Category Whitepapers and Guides
ECS had already designed and delivered an AWS-hosted environment to replace an aging retail risk analytics platform for this leading UK retail bank. Following this, the bank now embarked on a 2‑year programme to implement a cloud‑native and enterprise‑scale data lake. ECS was engaged to deliver both the technical design and implementation.
The bank’s existing data lake was supported across Hadoop clusters out of its on-premise data centres. This presented the bank with quite constraining logistical challenges making it difficult to quickly spin up the right resources for analytic workloads, particularly in support of Machine Learning training and execution. In order to cater for this kind of fluctuating demand the Bank would have required the planning for and provisioning of sufficient resources in the data centre to be able to support peak levels of activity. This would have effectively meant that expensive resources were frequently underused or left idle. At other times the available capacity was inadequate to service peak data and analytical workloads in a timely manner. It was important to the bank that access to existing information was not interrupted as the programme progressed to build the new data lake.
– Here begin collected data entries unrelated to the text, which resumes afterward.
lemma contraction_estimate_slower_rate:
  fixes e g q :: "real \<Rightarrow> 'a"
  assumes "0 < c'" "c' < c" "0 \<le> R" "0 \<le> t"
    and int: "\<And>s. s \<in> {0..t} \<Longrightarrow> (g has_integral (e s - e 0)) {0..s}"
    and rem: "\<And>s. s \<in> {0..t} \<Longrightarrow> N (g s - q s) \<le> R"
    and contr: "\<And>s. s \<in> {0..t} \<Longrightarrow> contracting_direction N c (e s) (q s)"
  shows "exp (c' * t) * (N (e t) - R / c') \<le> N (e 0) - R / c'"
proof -
  define V where "V \<tau> = exp (c' * \<tau>) * (N (e \<tau>) - R / c')" for \<tau>
  define c1 where "c1 = (c + c') / 2"
  have c1: "c' < c1" "c1 < c" using assms(2) by (auto simp: c1_def)
  obtain C where C: "C > 0" "\<And>x. N x \<le> C * norm x" using le_norm by blast
  have "V t \<le> V 0"
  proof (rule le_by_local_increments[where \<psi> = V and C = "2 * exp (c' * t) * C"])
    show "g integrable_on {0..t}" using int[of t] \<open>0 \<le> t\<close> by auto
    show "0 \<le> 2 * exp (c' * t) * C" using C(1) by simp
    fix x \<delta> :: real assume x: "x \<in> {0..t}" and "0 < \<delta>"
    define \<epsilon> where "\<epsilon> = \<delta> / exp (c' * t)"
    have "0 < \<epsilon>" using \<open>0 < \<delta>\<close> by (simp add: \<epsilon>_def)
    have "0 < c - c1" using c1 by simp
    with contr[OF x] obtain \<eta>0 where \<eta>0: "0 < \<eta>0"
      "\<And>\<eta>. 0 < \<eta> \<Longrightarrow> \<eta> < \<eta>0 \<Longrightarrow> N (e x + \<eta> *\<^sub>R q x) \<le> (1 + \<eta> * ((c - c1) - c)) * N (e x)"
      unfolding contracting_direction_def by blast
    define r where "r = min \<eta>0 (min (1 / (2 * c')) (min ((c - c') / (c * c')) (\<epsilon> / (2 * c' * R + 1))))"
    have "0 < r" unfolding r_def using \<eta>0(1) assms(1-3) \<open>0 < \<epsilon>\<close> by (simp add: add_nonneg_pos)
    show "\<exists>r>0. \<forall>\<alpha> \<beta>. 0 \<le> \<alpha> \<longrightarrow> \<alpha> \<le> x \<longrightarrow> x \<le> \<beta> \<longrightarrow> \<beta> \<le> t \<longrightarrow> \<beta> - \<alpha> < r \<longrightarrow> (x = \<alpha> \<or> x = \<beta>) \<longrightarrow>
        V \<beta> - V \<alpha> \<le> \<delta> * (\<beta> - \<alpha>) + 2 * exp (c' * t) * C * norm (integral {\<alpha>..\<beta>} g - (\<beta> - \<alpha>) *\<^sub>R g x)"
    proof (intro exI[of _ r] conjI allI impI \<open>0 < r\<close>)
      fix \<alpha> \<beta> assume ab: "0 \<le> \<alpha>" "\<alpha> \<le> x" "x \<le> \<beta>" "\<beta> \<le> t" "\<beta> - \<alpha> < r" and tag: "x = \<alpha> \<or> x = \<beta>"
      define h where "h = \<beta> - \<alpha>"
      define err where "err = integral {\<alpha>..\<beta>} g - h *\<^sub>R g x"
      define k where "k = exp (c' * h)"
      have "h < r" "0 \<le> h" using ab by (auto simp: h_def)
      then have hr: "h < \<eta>0" "h < 1 / (2 * c')" "h < (c - c') / (c * c')" "h < \<epsilon> / (2 * c' * R + 1)"
        by (auto simp: r_def)
      have "0 < 2 * c' * R + 1" using assms(1,3) by (simp add: add_nonneg_pos)
      then have h: "0 \<le> h" "h < \<eta>0" "c' * h \<le> 1 / 2" "c * c' * h \<le> c - c'" "h * (2 * c' * R + 1) \<le> \<epsilon>"
        using hr \<open>0 \<le> h\<close> assms(1,2) by (simp_all add: pos_less_divide_eq mult.commute mult.left_commute)
      have e\<beta>: "e \<beta> = e \<alpha> + h *\<^sub>R g x + err"
        using integral_unique[OF has_integral_increment[OF int ab(1) _ ab(4)]] ab
        by (simp add: err_def h_def)
      have step: "k * (N (e \<beta>) - R / c') - (N (e \<alpha>) - R / c') \<le> h * \<epsilon> + 2 * N err"
        using tag
      proof
        assume "x = \<alpha>"
        have k: "k - 1 \<le> 2 * c' * h" "k \<le> 2"
          using exp_le_one_plus_double[of "c' * h"] h(1,3) assms(1) by (auto simp: k_def)
        have "R * (k - 1) \<le> R * (2 * c' * h)" using k(1) \<open>0 \<le> R\<close> by (rule mult_left_mono)
        also have "\<dots> \<le> h * (2 * c' * R + 1)" using h(1) by (simp add: algebra_simps)
        finally have "R * (k - 1) \<le> \<epsilon>" using h(5) by linarith
        then have "h * R * (k - 1) \<le> h * \<epsilon>"
          using h(1) by (simp add: mult.assoc mult_left_mono)
        moreover have "k * N err \<le> 2 * N err" using k(2) by (simp add: mult_right_mono)
        moreover have "N (e \<alpha> + h *\<^sub>R q x) \<le> (1 - h * c1) * N (e \<alpha>)"
        proof (cases "h = 0")
          case False
          then show ?thesis using \<eta>0(2)[of h] h(1,2) \<open>x = \<alpha>\<close> by simp
        qed simp
        then have "k * (N (e \<beta>) - R / c') - (N (e \<alpha>) - R / c') \<le> h * R * (k - 1) + k * N err"
          unfolding k_def using c1(1) h(1) assms(1,3) rem[OF x] e\<beta>
          by (intro explicit_euler_step) auto
        ultimately show ?thesis by linarith
      next
        assume "x = \<beta>"
        have "contracting_direction N c (e \<beta>) (q x)" using contr[OF x] \<open>x = \<beta>\<close> by simp
        then have "k * (N (e \<beta>) - R / c') - (N (e \<alpha>) - R / c') \<le> N err"
          unfolding k_def using assms(1,3) h(1,3,4) rem[OF x] e\<beta>
          by (intro implicit_euler_step) auto
        moreover have "0 \<le> h * \<epsilon>" using h(1) \<open>0 < \<epsilon>\<close> by simp
        ultimately show ?thesis using nonneg[of err] by linarith
      qed
      have "exp (c' * \<beta>) = exp (c' * \<alpha>) * k"
        unfolding k_def h_def by (simp add: right_diff_distrib flip: exp_add)
      then have "V \<beta> - V \<alpha> = exp (c' * \<alpha>) * (k * (N (e \<beta>) - R / c') - (N (e \<alpha>) - R / c'))"
        unfolding V_def by (simp add: algebra_simps)
      also have "\<dots> \<le> exp (c' * \<alpha>) * (h * \<epsilon> + 2 * N err)"
        using step by (intro mult_left_mono) auto
      also have "\<dots> \<le> exp (c' * t) * (h * \<epsilon> + 2 * N err)"
        using ab assms(1) h(1) \<open>0 < \<epsilon>\<close> by (intro mult_right_mono) auto
      also have "\<dots> = \<delta> * h + 2 * exp (c' * t) * N err"
        by (simp add: \<epsilon>_def algebra_simps)
      also have "\<dots> \<le> \<delta> * h + 2 * exp (c' * t) * (C * norm err)"
        using C(2)[of err] by simp
      finally show "V \<beta> - V \<alpha> \<le> \<delta> * (\<beta> - \<alpha>) + 2 * exp (c' * t) * C * norm (integral {\<alpha>..\<beta>} g - (\<beta> - \<alpha>) *\<^sub>R g x)"
        by (simp add: h_def err_def mult.assoc)
    qed
  qed (use \<open>0 \<le> t\<close> in auto)
  then show ?thesis by (simp add: V_def)
qed

lemma contraction_estimate:
  fixes e g q :: "real \<Rightarrow> 'a"
  assumes "0 < c" "0 \<le> R" "0 \<le> t"
    and int: "\<And>s. s \<in> {0..t} \<Longrightarrow> (g has_integral (e s - e 0)) {0..s}"
    and rem: "\<And>s. s \<in> {0..t} \<Longrightarrow> N (g s - q s) \<le> R"
    and contr: "\<And>s. s \<in> {0..t} \<Longrightarrow> contracting_direction N c (e s) (q s)"
  shows "N (e t) \<le> exp (- c * t) * N (e 0) + R * (1 - exp (- c * t)) / c"
proof -
  define F where "F c' = exp (- c' * t) * N (e 0) + R * (1 - exp (- c' * t)) / c'" for c'
  have "N (e t) \<le> F c'" if "c' \<in> {c / 2<..<c}" for c'
  proof -
    have c': "0 < c'" "c' < c" using that assms(1) by auto
    have "exp (c' * t) * (N (e t) - R / c') \<le> N (e 0) - R / c'"
      by (rule contraction_estimate_slower_rate[OF c' assms(2,3) int rem contr])
    then have "exp (- c' * t) * (exp (c' * t) * (N (e t) - R / c')) \<le> exp (- c' * t) * (N (e 0) - R / c')"
      by (intro mult_left_mono) auto
    then have "N (e t) - R / c' \<le> exp (- c' * t) * (N (e 0) - R / c')"
      by (simp add: mult.assoc[symmetric] flip: exp_add)
    then show ?thesis unfolding F_def by (simp add: algebra_simps diff_divide_distrib)
  qed
  moreover have "eventually (\<lambda>c'. c' \<in> {c / 2<..<c}) (at_left c)"
    by (rule eventually_at_left_real) (use assms(1) in simp)
  ultimately have "eventually (\<lambda>c'. N (e t) \<le> F c') (at_left c)"
    by (auto elim!: eventually_mono)
  moreover have "(F \<longlongrightarrow> F c) (at_left c)"
    unfolding F_def using assms(1) by (intro tendsto_intros) auto
  ultimately have "N (e t) \<le> F c"
    by (intro tendsto_le[OF _ _ tendsto_const]) auto
  then show ?thesis unfolding F_def .
qed

end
ECS appreciated that critical to the success of this project was properly understanding the types of data being handled as well as recognising the different source patterns of the data. A framework was developed that would allow ECS to define a series of different paths into the data lake applicable for the data to use each path.
Data was categorised as transactional or table-copy and could be partitioned for collation from one of three source patterns:
At this point all of the data in scope for the project was structured, but the categories and patterns will apply equally for unstructured data.
Using AWS native tools, a pathway into the cloud-based data lake for each category of data from each of the sources was established. This included using AWS SFTP and AWS Kinesis to ingest data into an S3 bucket to be processed using AWS Glue ETL to transform the data into Parquet format and stored in the data lake. AWS Glue was used to create and maintain data schemas used by data scientists to access data through AWS Athena.
With all of the design, infrastructure and cloud services in place, it was then possible to begin filling the lake in a controlled manner and supporting analytical workloads . From the outset of the project to the first production data loads being ingested into the data lake took less than 5 months.